* WORK REQUEST:
Give an exact copy of the lines from the beginning of the listing below to the "using gr_carrier_rep[OF ring_BRing" line, inclusive.

* DATA FOR THIS EXERCISE:
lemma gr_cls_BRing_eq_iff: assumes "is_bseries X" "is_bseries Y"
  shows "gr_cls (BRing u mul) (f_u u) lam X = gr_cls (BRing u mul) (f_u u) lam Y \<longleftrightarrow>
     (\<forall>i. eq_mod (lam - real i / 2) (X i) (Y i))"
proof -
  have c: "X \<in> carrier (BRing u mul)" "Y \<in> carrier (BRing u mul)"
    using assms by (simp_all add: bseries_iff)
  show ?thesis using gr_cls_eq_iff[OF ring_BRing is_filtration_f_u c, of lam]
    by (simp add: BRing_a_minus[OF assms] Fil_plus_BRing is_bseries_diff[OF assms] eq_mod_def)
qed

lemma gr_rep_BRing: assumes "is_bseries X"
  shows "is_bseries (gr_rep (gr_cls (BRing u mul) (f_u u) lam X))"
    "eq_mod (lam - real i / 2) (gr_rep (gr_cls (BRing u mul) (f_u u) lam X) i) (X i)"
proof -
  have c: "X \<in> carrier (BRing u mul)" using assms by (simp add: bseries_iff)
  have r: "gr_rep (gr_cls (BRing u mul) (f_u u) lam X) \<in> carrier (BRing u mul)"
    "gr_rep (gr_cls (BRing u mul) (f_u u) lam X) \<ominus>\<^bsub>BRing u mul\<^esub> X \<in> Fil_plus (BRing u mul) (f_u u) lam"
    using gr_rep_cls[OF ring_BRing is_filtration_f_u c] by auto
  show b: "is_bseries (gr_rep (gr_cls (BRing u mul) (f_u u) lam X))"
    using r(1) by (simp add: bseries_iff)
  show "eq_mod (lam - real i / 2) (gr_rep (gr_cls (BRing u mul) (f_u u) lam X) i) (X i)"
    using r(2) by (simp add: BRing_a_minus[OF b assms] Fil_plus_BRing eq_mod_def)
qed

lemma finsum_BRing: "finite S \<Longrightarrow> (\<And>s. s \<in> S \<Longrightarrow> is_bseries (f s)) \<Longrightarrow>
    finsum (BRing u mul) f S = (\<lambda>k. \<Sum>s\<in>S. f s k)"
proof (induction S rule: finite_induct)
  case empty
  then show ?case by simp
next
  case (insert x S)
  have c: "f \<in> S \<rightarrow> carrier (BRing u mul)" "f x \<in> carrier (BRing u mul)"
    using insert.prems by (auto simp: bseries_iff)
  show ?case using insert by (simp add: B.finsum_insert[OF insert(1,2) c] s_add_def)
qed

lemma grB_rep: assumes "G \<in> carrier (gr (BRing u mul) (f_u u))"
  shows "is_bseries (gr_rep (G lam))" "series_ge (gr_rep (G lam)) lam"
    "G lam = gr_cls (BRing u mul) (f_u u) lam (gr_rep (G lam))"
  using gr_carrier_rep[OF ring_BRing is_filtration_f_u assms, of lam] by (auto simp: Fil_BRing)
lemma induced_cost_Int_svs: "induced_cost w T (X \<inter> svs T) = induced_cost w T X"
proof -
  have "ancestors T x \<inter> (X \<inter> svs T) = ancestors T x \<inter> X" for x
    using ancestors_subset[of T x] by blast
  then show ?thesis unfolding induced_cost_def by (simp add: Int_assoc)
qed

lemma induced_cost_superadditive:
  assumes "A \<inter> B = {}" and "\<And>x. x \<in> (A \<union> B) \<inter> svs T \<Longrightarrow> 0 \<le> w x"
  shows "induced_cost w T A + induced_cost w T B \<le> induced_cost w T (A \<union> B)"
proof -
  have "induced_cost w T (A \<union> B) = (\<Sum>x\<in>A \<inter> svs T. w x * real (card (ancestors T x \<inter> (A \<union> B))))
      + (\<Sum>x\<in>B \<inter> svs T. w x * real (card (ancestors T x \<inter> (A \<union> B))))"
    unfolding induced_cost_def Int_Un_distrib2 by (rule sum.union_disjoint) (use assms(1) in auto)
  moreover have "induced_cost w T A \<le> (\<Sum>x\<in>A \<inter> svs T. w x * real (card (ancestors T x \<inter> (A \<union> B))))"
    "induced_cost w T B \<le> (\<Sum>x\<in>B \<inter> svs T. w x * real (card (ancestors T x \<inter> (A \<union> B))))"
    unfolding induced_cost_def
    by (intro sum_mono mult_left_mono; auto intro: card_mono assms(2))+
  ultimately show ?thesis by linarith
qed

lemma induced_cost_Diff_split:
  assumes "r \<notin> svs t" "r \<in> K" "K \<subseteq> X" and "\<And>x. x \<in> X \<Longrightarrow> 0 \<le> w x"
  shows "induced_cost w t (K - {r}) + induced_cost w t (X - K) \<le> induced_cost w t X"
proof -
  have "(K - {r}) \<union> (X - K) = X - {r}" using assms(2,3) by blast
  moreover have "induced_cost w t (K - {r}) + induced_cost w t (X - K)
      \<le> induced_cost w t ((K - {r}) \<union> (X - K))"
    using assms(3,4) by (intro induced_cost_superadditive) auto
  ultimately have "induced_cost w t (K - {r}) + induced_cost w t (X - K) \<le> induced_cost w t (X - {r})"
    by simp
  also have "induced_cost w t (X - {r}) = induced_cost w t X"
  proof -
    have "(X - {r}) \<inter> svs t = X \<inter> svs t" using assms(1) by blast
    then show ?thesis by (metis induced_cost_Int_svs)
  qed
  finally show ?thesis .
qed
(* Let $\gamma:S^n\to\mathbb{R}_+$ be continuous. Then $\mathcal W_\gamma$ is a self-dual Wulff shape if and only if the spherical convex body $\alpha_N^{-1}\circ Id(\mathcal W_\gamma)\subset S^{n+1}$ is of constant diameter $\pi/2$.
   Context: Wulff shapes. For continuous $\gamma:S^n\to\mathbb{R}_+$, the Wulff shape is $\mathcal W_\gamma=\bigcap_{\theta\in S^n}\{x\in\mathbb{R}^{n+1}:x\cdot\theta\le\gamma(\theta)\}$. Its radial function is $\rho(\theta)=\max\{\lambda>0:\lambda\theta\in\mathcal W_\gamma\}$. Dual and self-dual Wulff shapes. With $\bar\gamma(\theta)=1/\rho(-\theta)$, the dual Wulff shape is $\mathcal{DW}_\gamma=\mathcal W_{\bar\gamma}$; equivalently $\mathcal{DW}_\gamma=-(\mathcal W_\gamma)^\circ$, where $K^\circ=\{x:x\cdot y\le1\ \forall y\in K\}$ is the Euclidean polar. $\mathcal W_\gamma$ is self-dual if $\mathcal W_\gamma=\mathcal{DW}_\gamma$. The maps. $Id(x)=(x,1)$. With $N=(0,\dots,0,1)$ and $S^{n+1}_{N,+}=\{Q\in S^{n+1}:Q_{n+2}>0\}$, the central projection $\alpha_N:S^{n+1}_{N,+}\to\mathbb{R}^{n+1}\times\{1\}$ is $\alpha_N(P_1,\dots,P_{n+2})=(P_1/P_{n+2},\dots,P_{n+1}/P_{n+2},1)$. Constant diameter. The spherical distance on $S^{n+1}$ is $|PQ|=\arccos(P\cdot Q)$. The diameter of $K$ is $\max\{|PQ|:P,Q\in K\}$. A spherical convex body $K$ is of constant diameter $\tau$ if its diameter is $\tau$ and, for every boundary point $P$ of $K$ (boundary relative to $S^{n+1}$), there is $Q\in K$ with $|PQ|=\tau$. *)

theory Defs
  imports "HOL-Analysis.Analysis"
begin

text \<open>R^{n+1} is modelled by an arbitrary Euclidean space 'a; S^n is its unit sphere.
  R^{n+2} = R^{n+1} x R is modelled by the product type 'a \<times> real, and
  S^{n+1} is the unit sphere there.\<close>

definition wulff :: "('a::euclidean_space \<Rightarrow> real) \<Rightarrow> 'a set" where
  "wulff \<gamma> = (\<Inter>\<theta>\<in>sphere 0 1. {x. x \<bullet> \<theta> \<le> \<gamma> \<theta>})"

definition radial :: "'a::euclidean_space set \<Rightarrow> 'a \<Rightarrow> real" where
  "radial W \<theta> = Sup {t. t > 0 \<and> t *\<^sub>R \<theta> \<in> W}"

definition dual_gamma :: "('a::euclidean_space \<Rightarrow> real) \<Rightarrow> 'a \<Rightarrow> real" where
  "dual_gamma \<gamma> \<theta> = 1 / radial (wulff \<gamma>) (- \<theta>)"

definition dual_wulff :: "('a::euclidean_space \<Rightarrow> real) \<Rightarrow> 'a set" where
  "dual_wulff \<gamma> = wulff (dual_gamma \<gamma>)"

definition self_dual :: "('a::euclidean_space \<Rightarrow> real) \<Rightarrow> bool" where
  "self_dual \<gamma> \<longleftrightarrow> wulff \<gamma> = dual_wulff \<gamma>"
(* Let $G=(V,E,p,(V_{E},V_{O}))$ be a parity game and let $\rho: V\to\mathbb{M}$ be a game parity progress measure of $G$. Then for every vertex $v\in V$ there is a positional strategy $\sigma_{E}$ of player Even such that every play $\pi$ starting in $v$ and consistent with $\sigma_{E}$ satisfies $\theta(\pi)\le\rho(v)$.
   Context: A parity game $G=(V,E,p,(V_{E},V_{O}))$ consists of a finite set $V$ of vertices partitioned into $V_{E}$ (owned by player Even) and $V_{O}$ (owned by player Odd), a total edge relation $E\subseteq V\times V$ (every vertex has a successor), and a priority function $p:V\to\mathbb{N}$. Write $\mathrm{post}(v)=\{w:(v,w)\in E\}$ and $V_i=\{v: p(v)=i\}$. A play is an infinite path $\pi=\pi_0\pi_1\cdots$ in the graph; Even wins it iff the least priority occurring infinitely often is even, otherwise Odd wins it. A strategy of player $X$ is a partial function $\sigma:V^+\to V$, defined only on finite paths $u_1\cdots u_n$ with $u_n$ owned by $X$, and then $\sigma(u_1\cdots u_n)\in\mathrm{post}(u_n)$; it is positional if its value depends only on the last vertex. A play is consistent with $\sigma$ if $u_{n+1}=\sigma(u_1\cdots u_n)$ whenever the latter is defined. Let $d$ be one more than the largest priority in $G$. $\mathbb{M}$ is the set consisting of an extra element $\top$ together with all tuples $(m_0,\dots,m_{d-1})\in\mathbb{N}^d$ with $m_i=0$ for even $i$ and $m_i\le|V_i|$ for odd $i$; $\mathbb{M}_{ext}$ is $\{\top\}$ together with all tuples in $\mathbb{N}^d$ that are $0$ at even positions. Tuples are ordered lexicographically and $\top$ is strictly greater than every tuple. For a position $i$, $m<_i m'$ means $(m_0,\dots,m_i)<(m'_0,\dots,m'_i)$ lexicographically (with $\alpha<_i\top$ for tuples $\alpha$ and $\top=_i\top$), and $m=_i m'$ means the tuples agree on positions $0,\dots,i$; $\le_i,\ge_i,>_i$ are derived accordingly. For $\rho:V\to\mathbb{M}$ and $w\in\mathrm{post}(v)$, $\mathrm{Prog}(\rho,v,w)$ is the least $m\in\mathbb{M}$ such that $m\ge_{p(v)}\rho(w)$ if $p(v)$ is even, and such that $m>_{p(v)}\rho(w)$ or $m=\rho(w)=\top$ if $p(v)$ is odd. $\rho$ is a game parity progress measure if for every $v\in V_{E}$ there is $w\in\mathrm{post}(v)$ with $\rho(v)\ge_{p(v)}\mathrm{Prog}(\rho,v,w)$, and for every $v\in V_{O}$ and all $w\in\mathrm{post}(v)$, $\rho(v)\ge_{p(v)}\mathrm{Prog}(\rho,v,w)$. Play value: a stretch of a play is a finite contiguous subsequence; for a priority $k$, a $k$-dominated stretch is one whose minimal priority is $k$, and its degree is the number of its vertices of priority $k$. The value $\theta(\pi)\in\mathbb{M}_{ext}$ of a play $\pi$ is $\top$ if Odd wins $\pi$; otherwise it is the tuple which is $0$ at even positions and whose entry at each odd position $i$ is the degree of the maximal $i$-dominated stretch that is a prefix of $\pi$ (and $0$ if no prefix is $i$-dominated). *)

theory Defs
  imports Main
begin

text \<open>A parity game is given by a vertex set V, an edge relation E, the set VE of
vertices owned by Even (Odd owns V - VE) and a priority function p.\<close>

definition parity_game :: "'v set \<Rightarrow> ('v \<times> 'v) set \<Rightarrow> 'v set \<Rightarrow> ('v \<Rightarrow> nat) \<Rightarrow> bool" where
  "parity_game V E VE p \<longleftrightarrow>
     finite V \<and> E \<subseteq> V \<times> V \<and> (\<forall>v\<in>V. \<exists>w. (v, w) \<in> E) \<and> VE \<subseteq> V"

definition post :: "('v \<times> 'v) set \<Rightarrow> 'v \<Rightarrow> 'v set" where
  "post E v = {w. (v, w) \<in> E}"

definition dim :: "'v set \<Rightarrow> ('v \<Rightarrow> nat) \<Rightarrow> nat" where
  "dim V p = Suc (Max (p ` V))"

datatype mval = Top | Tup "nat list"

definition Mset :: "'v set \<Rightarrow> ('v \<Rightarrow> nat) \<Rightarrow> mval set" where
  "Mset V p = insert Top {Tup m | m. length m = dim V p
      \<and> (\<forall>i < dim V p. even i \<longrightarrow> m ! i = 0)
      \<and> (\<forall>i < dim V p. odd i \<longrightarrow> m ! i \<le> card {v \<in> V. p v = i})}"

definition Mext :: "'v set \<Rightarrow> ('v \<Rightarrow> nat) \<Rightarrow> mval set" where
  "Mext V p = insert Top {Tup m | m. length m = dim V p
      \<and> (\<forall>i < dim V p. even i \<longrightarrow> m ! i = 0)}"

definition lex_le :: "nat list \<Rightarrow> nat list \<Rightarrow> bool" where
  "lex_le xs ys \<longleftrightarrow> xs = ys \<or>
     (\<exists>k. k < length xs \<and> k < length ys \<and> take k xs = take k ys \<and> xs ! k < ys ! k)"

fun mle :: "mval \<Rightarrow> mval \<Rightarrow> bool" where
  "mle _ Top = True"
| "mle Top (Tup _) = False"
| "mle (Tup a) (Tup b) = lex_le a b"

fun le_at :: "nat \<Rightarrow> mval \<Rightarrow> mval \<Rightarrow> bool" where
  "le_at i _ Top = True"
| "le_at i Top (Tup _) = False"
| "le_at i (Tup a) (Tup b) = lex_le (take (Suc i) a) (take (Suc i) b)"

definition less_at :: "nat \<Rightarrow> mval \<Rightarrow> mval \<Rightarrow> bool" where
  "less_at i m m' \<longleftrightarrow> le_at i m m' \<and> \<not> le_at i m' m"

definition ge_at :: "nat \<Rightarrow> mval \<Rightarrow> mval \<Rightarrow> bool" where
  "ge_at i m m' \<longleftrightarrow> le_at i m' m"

* REPLY:
lemma gr_cls_BRing_eq_iff: assumes "is_bseries X" "is_bseries Y"
  shows "gr_cls (BRing u mul) (f_u u) lam X = gr_cls (BRing u mul) (f_u u) lam Y \<longleftrightarrow>
     (\<forall>i. eq_mod (lam - real i / 2) (X i) (Y i))"
proof -
  have c: "X \<in> carrier (BRing u mul)" "Y \<in> carrier (BRing u mul)"
    using assms by (simp_all add: bseries_iff)
  show ?thesis using gr_cls_eq_iff[OF ring_BRing is_filtration_f_u c, of lam]
    by (simp add: BRing_a_minus[OF assms] Fil_plus_BRing is_bseries_diff[OF assms] eq_mod_def)
qed

lemma gr_rep_BRing: assumes "is_bseries X"
  shows "is_bseries (gr_rep (gr_cls (BRing u mul) (f_u u) lam X))"
    "eq_mod (lam - real i / 2) (gr_rep (gr_cls (BRing u mul) (f_u u) lam X) i) (X i)"
proof -
  have c: "X \<in> carrier (BRing u mul)" using assms by (simp add: bseries_iff)
  have r: "gr_rep (gr_cls (BRing u mul) (f_u u) lam X) \<in> carrier (BRing u mul)"
    "gr_rep (gr_cls (BRing u mul) (f_u u) lam X) \<ominus>\<^bsub>BRing u mul\<^esub> X \<in> Fil_plus (BRing u mul) (f_u u) lam"
    using gr_rep_cls[OF ring_BRing is_filtration_f_u c] by auto
  show b: "is_bseries (gr_rep (gr_cls (BRing u mul) (f_u u) lam X))"
    using r(1) by (simp add: bseries_iff)
  show "eq_mod (lam - real i / 2) (gr_rep (gr_cls (BRing u mul) (f_u u) lam X) i) (X i)"
    using r(2) by (simp add: BRing_a_minus[OF b assms] Fil_plus_BRing eq_mod_def)
qed

lemma finsum_BRing: "finite S \<Longrightarrow> (\<And>s. s \<in> S \<Longrightarrow> is_bseries (f s)) \<Longrightarrow>
    finsum (BRing u mul) f S = (\<lambda>k. \<Sum>s\<in>S. f s k)"
proof (induction S rule: finite_induct)
  case empty
  then show ?case by simp
next
  case (insert x S)
  have c: "f \<in> S \<rightarrow> carrier (BRing u mul)" "f x \<in> carrier (BRing u mul)"
    using insert.prems by (auto simp: bseries_iff)
  show ?case using insert by (simp add: B.finsum_insert[OF insert(1,2) c] s_add_def)
qed

lemma grB_rep: assumes "G \<in> carrier (gr (BRing u mul) (f_u u))"
  shows "is_bseries (gr_rep (G lam))" "series_ge (gr_rep (G lam)) lam"
    "G lam = gr_cls (BRing u mul) (f_u u) lam (gr_rep (G lam))"
  using gr_carrier_rep[OF ring_BRing is_filtration_f_u assms, of lam] by (auto simp: Fil_BRing)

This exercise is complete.